Aim of the exercise
From the records below, transcribe only the lines running from the one with "define E where" through the one with "E * (weighted_l1_norm". Keep both of those end lines.
----------------------------------------
lemma smoothed_le_weighted_l1_norm:
  assumes "\<forall>i. 0 \<le> l $ i" "0 \<le> \<epsilon>"
  shows "smoothed_l1_norm l \<epsilon> z \<le> weighted_l1_norm l z + \<epsilon> * (\<Sum>i\<in>UNIV. l $ i)"
proof -
  have "smoothed_l1_norm l \<epsilon> z \<le> (\<Sum>i\<in>UNIV. l $ i * (\<bar>z $ i\<bar> + \<epsilon>))"
    unfolding smoothed_l1_norm_def using assms
    by (intro sum_mono mult_left_mono sqrt_sq_add_sq_le_abs_add) auto
  then show ?thesis
    by (simp add: weighted_l1_norm_def distrib_left sum.distrib sum_distrib_left mult_ac)
qed

lemma smoothed_l1_norm_flow_decay:
  fixes A :: "real^'n^'n" and y :: "real \<Rightarrow> real^'n"
  assumes "metzler A" "\<forall>i. 0 \<le> l $ i" "0 < c" "\<forall>j. (l v* A) $ j \<le> - c * l $ j"
    and "a \<le> b" "continuous_on {a..b} y"
    and "\<And>s. a < s \<Longrightarrow> s < b \<Longrightarrow> (y has_vector_derivative A *v y s) (at s)"
    and "0 < \<epsilon>"
  defines "X \<equiv> (\<Sum>i\<in>UNIV. l $ i * \<bar>A $ i $ i\<bar>) * \<epsilon> / c"
  shows "smoothed_l1_norm l \<epsilon> (y b) - X \<le> exp (- c * (b - a)) * (smoothed_l1_norm l \<epsilon> (y a) - X)"
proof -
  define K where "K = (\<Sum>i\<in>UNIV. l $ i * \<bar>A $ i $ i\<bar>)"
  define V where "V s = smoothed_l1_norm l \<epsilon> (y s)" for s
  define V' where "V' s = (\<Sum>i\<in>UNIV. l $ i * (y s $ i * (A *v y s) $ i / sqrt ((y s $ i)\<^sup>2 + \<epsilon>\<^sup>2)))" for s
  have "V b - K * \<epsilon> / c \<le> exp (- c * (b - a)) * (V a - K * \<epsilon> / c)"
  proof (rule exp_decay_of_derivative_bound[where f' = V'])
    fix s assume s: "a < s" "s < b"
    show "(V has_real_derivative V' s) (at s)"
      unfolding V_def V'_def smoothed_l1_norm_def using assms(8)
      by (intro DERIV_sum DERIV_cmult has_real_derivative_sqrt_sq_add_sq
          has_real_derivative_vec_nth assms(7)[OF s]) auto
    have "V' s \<le> (\<Sum>j\<in>UNIV. (l v* A) $ j * sqrt ((y s $ j)\<^sup>2 + \<epsilon>\<^sup>2)) + K * \<epsilon>"
      unfolding V'_def K_def by (rule metzler_smoothed_weighted_bound[OF assms(1,2,8)])
    also have "\<dots> \<le> (\<Sum>j\<in>UNIV. (- c * l $ j) * sqrt ((y s $ j)\<^sup>2 + \<epsilon>\<^sup>2)) + K * \<epsilon>"
      using assms(4) by (intro add_right_mono sum_mono mult_right_mono) auto
    also have "\<dots> = - c * V s + K * \<epsilon>"
      unfolding V_def smoothed_l1_norm_def by (simp add: sum_distrib_left mult_ac)
    finally show "V' s \<le> - c * V s + K * \<epsilon>" .
  next
    show "continuous_on {a..b} V"
      unfolding V_def smoothed_l1_norm_def by (intro continuous_intros assms(6))
  qed (use assms(3,5) in auto)
  then show ?thesis unfolding V_def K_def X_def .
qed

lemma weighted_l1_norm_flow_decay_approx:
  fixes A :: "real^'n^'n" and y :: "real \<Rightarrow> real^'n"
  assumes "metzler A" "\<forall>i. 0 < l $ i" "0 < c" "\<forall>j. (l v* A) $ j \<le> - c * l $ j"
    and "a \<le> b" "continuous_on {a..b} y"
    and "\<And>s. a < s \<Longrightarrow> s < b \<Longrightarrow> (y has_vector_derivative A *v y s) (at s)"
    and "0 < \<epsilon>"
  shows "weighted_l1_norm l (y b) \<le> exp (- c * (b - a)) * weighted_l1_norm l (y a)
           + \<epsilon> * ((\<Sum>i\<in>UNIV. l $ i) + (\<Sum>i\<in>UNIV. l $ i * \<bar>A $ i $ i\<bar>) / c)"
proof -
  define L where "L = (\<Sum>i\<in>UNIV. l $ i)"
  define E where "E = exp (- c * (b - a))"
  define X where "X = (\<Sum>i\<in>UNIV. l $ i * \<bar>A $ i $ i\<bar>) * \<epsilon> / c"
  have l: "\<forall>i. 0 \<le> l $ i" using assms(2) by (auto intro: less_imp_le)
  have "0 \<le> E" "E \<le> 1" unfolding E_def using assms(3,5) by (auto simp: zero_le_mult_iff)
  have "0 \<le> X" "0 \<le> \<epsilon> * L"
    unfolding X_def L_def using l assms(3,8)
    by (auto intro!: sum_nonneg mult_nonneg_nonneg divide_nonneg_pos)
  have decay: "smoothed_l1_norm l \<epsilon> (y b) - X \<le> E * (smoothed_l1_norm l \<epsilon> (y a) - X)"
    unfolding E_def X_def by (rule smoothed_l1_norm_flow_decay[OF assms(1) l assms(3-8)])
  have "weighted_l1_norm l (y b) \<le> smoothed_l1_norm l \<epsilon> (y b)"
    by (rule weighted_l1_norm_le_smoothed[OF l])
  also have "\<dots> \<le> E * smoothed_l1_norm l \<epsilon> (y a) + (1 - E) * X"
    using decay by (simp add: right_diff_distrib left_diff_distrib)
  also have "\<dots> \<le> E * (weighted_l1_norm l (y a) + \<epsilon> * L) + 1 * X"
    using smoothed_le_weighted_l1_norm[OF l, of \<epsilon> "y a"] assms(8) \<open>0 \<le> E\<close> \<open>0 \<le> X\<close>
    unfolding L_def by (intro add_mono mult_left_mono mult_right_mono) auto
  also have "\<dots> \<le> E * weighted_l1_norm l (y a) + \<epsilon> * L + X"
    using mult_left_le_one_le[OF \<open>0 \<le> \<epsilon> * L\<close> \<open>0 \<le> E\<close> \<open>E \<le> 1\<close>]
    by (simp add: distrib_left)
  finally show ?thesis by (simp add: E_def L_def X_def algebra_simps)
qed

lemma weighted_l1_norm_flow_decay:
  fixes A :: "real^'n^'n" and y :: "real \<Rightarrow> real^'n"
  assumes "metzler A" "\<forall>i. 0 < l $ i" "0 < c" "\<forall>j. (l v* A) $ j \<le> - c * l $ j"
    and "a \<le> b" "continuous_on {a..b} y"
    and "\<And>s. a < s \<Longrightarrow> s < b \<Longrightarrow> (y has_vector_derivative A *v y s) (at s)"
  shows "weighted_l1_norm l (y b) \<le> exp (- c * (b - a)) * weighted_l1_norm l (y a)"
proof (rule field_le_epsilon)
  fix e :: real assume "0 < e"
  define M where "M = (\<Sum>i\<in>UNIV. l $ i) + (\<Sum>i\<in>UNIV. l $ i * \<bar>A $ i $ i\<bar>) / c"
  have "0 \<le> M" unfolding M_def using assms(2,3)
    by (intro add_nonneg_nonneg divide_nonneg_pos sum_nonneg mult_nonneg_nonneg) (auto intro: less_imp_le)
  then have "0 < e / (M + 1)" "e / (M + 1) * M \<le> e"
    using \<open>0 < e\<close> by (auto simp: field_simps)
  with weighted_l1_norm_flow_decay_approx[OF assms, of "e / (M + 1)"]
  show "weighted_l1_norm l (y b) \<le> exp (- c * (b - a)) * weighted_l1_norm l (y a) + e"
    unfolding M_def by linarith
qed

section \<open>Stability under arbitrary dwell-time\<close>

lemma impulsive_solution_between_impulses:
  assumes sol: "impulsive_solution A J t x" and "t k < t (Suc k)"
  defines "y \<equiv> x(t k := J *v x (t k))"
  shows "continuous_on {t k..t (Suc k)} y"
    and "\<And>s. t k < s \<Longrightarrow> s < t (Suc k) \<Longrightarrow> (y has_vector_derivative A *v y s) (at s)"
proof -
  have flow: "\<forall>s\<in>{t k<..<t (Suc k)}. (x has_vector_derivative A *v x s) (at s)"
    and left: "(x \<longlongrightarrow> x (t (Suc k))) (at_left (t (Suc k)))"
    and right: "(x \<longlongrightarrow> J *v x (t k)) (at_right (t k))"
    using sol unfolding impulsive_solution_def by auto
  show deriv: "(y has_vector_derivative A *v y s) (at s)" if "t k < s" "s < t (Suc k)" for s
  proof -
    have "(x has_vector_derivative A *v x s) (at s)" using flow that by auto
    then have "(y has_vector_derivative A *v x s) (at s)"
      by (rule has_vector_derivative_transform_within_open[where S = "{t k<..<t (Suc k)}"])
         (use that in \<open>auto simp: y_def\<close>)
    then show ?thesis using that by (simp add: y_def)
  qed
  show "continuous_on {t k..t (Suc k)} y"
  proof (rule continuous_on_IccI)
    have "\<forall>\<^sub>F s in at_right (t k). x s = y s"
      using eventually_at_right_less[of "t k"] by eventually_elim (auto simp: y_def)
    moreover have "y (t k) = J *v x (t k)" by (simp add: y_def)
    ultimately show "(y \<longlongrightarrow> y (t k)) (at_right (t k))"
      using right by (simp add: tendsto_cong)
    have "\<forall>\<^sub>F s in at_left (t (Suc k)). x s = y s"
      using eventually_at_left_real[OF assms(2)] by eventually_elim (auto simp: y_def)
    moreover have "y (t (Suc k)) = x (t (Suc k))" using assms(2) by (simp add: y_def)
    ultimately show "(y \<longlongrightarrow> y (t (Suc k))) (at_left (t (Suc k)))"
      using left by (simp add: tendsto_cong)
    show "(y \<longlongrightarrow> y s) (at s)" if "t k < s" "s < t (Suc k)" for s
      using has_vector_derivative_continuous[OF deriv[OF that]] by (simp add: continuous_at)
  qed (use assms(2) in auto)
qed
lemma localizing_sequence_exceeds:
  fixes t :: real
  assumes "prob_space Q" "\<And>n. stopping_time F (\<tau> n)"
    and "subalgebra Q (F t)" "almost_trivial Q (F t)"
    and "AE \<omega> in Q. filterlim (\<lambda>n. \<tau> n \<omega>) at_top sequentially"
  shows "\<exists>n. AE \<omega> in Q. t < \<tau> n \<omega>"
proof (rule ccontr)
  interpret prob_space Q by fact
  assume "\<nexists>n. AE \<omega> in Q. t < \<tau> n \<omega>"
  then have "AE \<omega> in Q. \<tau> n \<omega> \<le> t" for n
    using stopping_time_almost_trivial[OF assms(2-4)] by blast
  then have "AE \<omega> in Q. \<forall>n. \<tau> n \<omega> \<le> t"
    by (simp add: AE_all_countable)
  with assms(5) have "AE \<omega> in Q. False"
  proof eventually_elim
    case (elim \<omega>)
    then have "eventually (\<lambda>n. t + 1 \<le> \<tau> n \<omega>) sequentially"
      by (simp add: filterlim_at_top)
    then obtain n where "t + 1 \<le> \<tau> n \<omega>"
      by (auto simp: eventually_sequentially)
    moreover have "\<tau> n \<omega> \<le> t"
      using elim by blast
    ultimately show False by linarith
  qed
  then show False by simp
qed

text \<open>Some localising time exceeds \<open>t\<close> almost surely, and the martingale stopped there agrees
  with \<open>Y\<close> at \<open>s\<close> and at \<open>t\<close>.\<close>

lemma local_martingale_almost_trivial_const_eq:
  assumes Q: "prob_space Q" and lm: "is_local_martingale Q F Y"
    and "0 \<le> s" "s \<le> t"
    and sub: "subalgebra Q (F s)" "subalgebra Q (F t)" and triv: "almost_trivial Q (F t)"
    and Ys: "AE \<omega> in Q. Y s \<omega> = a" and Yt: "AE \<omega> in Q. Y t \<omega> = b"
  shows "a = b"
proof -
  interpret prob_space Q by fact
  obtain \<tau> where st: "\<And>n. stopping_time F (\<tau> n)"
    and lim: "AE \<omega> in Q. filterlim (\<lambda>n. \<tau> n \<omega>) at_top sequentially"
    and mart: "\<And>n. is_martingale Q F (\<lambda>r \<omega>. Y (min r (\<tau> n \<omega>)) \<omega>)"
    using lm unfolding is_local_martingale_def by (auto elim!: eventually_mono)
  obtain n where n: "AE \<omega> in Q. t < \<tau> n \<omega>"
    using localizing_sequence_exceeds[OF Q st sub(2) triv lim] by blast
  define X where "X r \<omega> = Y (min r (\<tau> n \<omega>)) \<omega>" for r \<omega>
  have Xs: "X s \<in> borel_measurable (F s)" and Xt: "X t \<in> borel_measurable (F t)"
    using mart[of n] \<open>0 \<le> s\<close> \<open>s \<le> t\<close> unfolding is_martingale_def X_def by auto
  note measurable_from_subalg[OF sub(1) Xs, measurable] measurable_from_subalg[OF sub(2) Xt, measurable]
  have "space Q \<in> sets (F s)"
    using sub(1) sets.top[of "F s"] by (simp add: subalgebra_def)
  then have "(\<integral>\<omega>. indicator (space Q) \<omega> * X t \<omega> \<partial>Q) = (\<integral>\<omega>. indicator (space Q) \<omega> * X s \<omega> \<partial>Q)"
    using mart[of n] \<open>0 \<le> s\<close> \<open>s \<le> t\<close> unfolding is_martingale_def X_def by blast
  moreover have "AE \<omega> in Q. indicator (space Q) \<omega> * X s \<omega> = a"
    using AE_space n Ys by eventually_elim (use \<open>s \<le> t\<close> in \<open>auto simp: X_def min_def\<close>)
  then have "(\<integral>\<omega>. indicator (space Q) \<omega> * X s \<omega> \<partial>Q) = (\<integral>\<omega>. a \<partial>Q)"
    by (intro integral_cong_AE) measurable
  moreover have "AE \<omega> in Q. indicator (space Q) \<omega> * X t \<omega> = b"
    using AE_space n Yt by eventually_elim (auto simp: X_def min_def)
  then have "(\<integral>\<omega>. indicator (space Q) \<omega> * X t \<omega> \<partial>Q) = (\<integral>\<omega>. b \<partial>Q)"
    by (intro integral_cong_AE) measurable
  ultimately show ?thesis by (simp add: prob_space)
qed
inductive alpha :: "('v \<Rightarrow> nat) \<Rightarrow> (nat \<Rightarrow> 'v) \<Rightarrow> (nat list \<Rightarrow> nat) \<Rightarrow> ('v, 'c) trm \<Rightarrow> ('v, 'c) trm \<Rightarrow> bool"
  for enc dec ch where
  a_cst: "alpha enc dec ch (Cst k) (Cst k)"
| a_var: "alpha enc dec ch (Var x) (Var x)"
| a_app: "alpha enc dec ch M M' \<Longrightarrow> alpha enc dec ch N N' \<Longrightarrow> alpha enc dec ch (App M N) (App M' N')"
| a_lam: "alpha enc dec ch A A' \<Longrightarrow> y \<notin> set (removeAll x (fv M)) \<Longrightarrow> y \<notin> set (removeAll x' (fv M')) \<Longrightarrow>
          usubst enc dec ch M x (Var y) = usubst enc dec ch M' x' (Var y) \<Longrightarrow>
          alpha enc dec ch (Lam x A M) (Lam x' A' M')"
| a_pi: "alpha enc dec ch A A' \<Longrightarrow> y \<notin> set (removeAll x (fv M)) \<Longrightarrow> y \<notin> set (removeAll x' (fv M')) \<Longrightarrow>
          usubst enc dec ch M x (Var y) = usubst enc dec ch M' x' (Var y) \<Longrightarrow>
          alpha enc dec ch (Pi x A M) (Pi x' A' M')"

inductive beta :: "('v \<Rightarrow> nat) \<Rightarrow> (nat \<Rightarrow> 'v) \<Rightarrow> (nat list \<Rightarrow> nat) \<Rightarrow> ('v, 'c) trm \<Rightarrow> ('v, 'c) trm \<Rightarrow> bool"
  for enc dec ch where
  b_contr: "beta enc dec ch (App (Lam x A M) N) (usubst enc dec ch M x N)"
| b_lam_body: "beta enc dec ch M M' \<Longrightarrow> beta enc dec ch (Lam x A M) (Lam x A M')"
| b_pi_body: "beta enc dec ch M M' \<Longrightarrow> beta enc dec ch (Pi x A M) (Pi x A M')"
| b_lam_dom: "beta enc dec ch A A' \<Longrightarrow> beta enc dec ch (Lam x A M) (Lam x A' M)"
| b_pi_dom: "beta enc dec ch A A' \<Longrightarrow> beta enc dec ch (Pi x A M) (Pi x A' M)"
| b_app_l: "beta enc dec ch M N \<Longrightarrow> beta enc dec ch (App M P) (App N P)"
| b_app_r: "beta enc dec ch M N \<Longrightarrow> beta enc dec ch (App P M) (App P N)"

definition bconv :: "('v \<Rightarrow> nat) \<Rightarrow> (nat \<Rightarrow> 'v) \<Rightarrow> (nat list \<Rightarrow> nat) \<Rightarrow> ('v, 'c) trm \<Rightarrow> ('v, 'c) trm \<Rightarrow> bool" where
  "bconv enc dec ch = equivclp (\<lambda>M N. alpha enc dec ch M N \<or> beta enc dec ch M N)"

type_synonym ('v, 'c) ctx = "('v \<times> ('v, 'c) trm) list"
----------------------------------------
Answer
  define E where "E = exp (- c * (b - a))"
  define X where "X = (\<Sum>i\<in>UNIV. l $ i * \<bar>A $ i $ i\<bar>) * \<epsilon> / c"
  have l: "\<forall>i. 0 \<le> l $ i" using assms(2) by (auto intro: less_imp_le)
  have "0 \<le> E" "E \<le> 1" unfolding E_def using assms(3,5) by (auto simp: zero_le_mult_iff)
  have "0 \<le> X" "0 \<le> \<epsilon> * L"
    unfolding X_def L_def using l assms(3,8)
    by (auto intro!: sum_nonneg mult_nonneg_nonneg divide_nonneg_pos)
  have decay: "smoothed_l1_norm l \<epsilon> (y b) - X \<le> E * (smoothed_l1_norm l \<epsilon> (y a) - X)"
    unfolding E_def X_def by (rule smoothed_l1_norm_flow_decay[OF assms(1) l assms(3-8)])
  have "weighted_l1_norm l (y b) \<le> smoothed_l1_norm l \<epsilon> (y b)"
    by (rule weighted_l1_norm_le_smoothed[OF l])
  also have "\<dots> \<le> E * smoothed_l1_norm l \<epsilon> (y a) + (1 - E) * X"
    using decay by (simp add: right_diff_distrib left_diff_distrib)
  also have "\<dots> \<le> E * (weighted_l1_norm l (y a) + \<epsilon> * L) + 1 * X"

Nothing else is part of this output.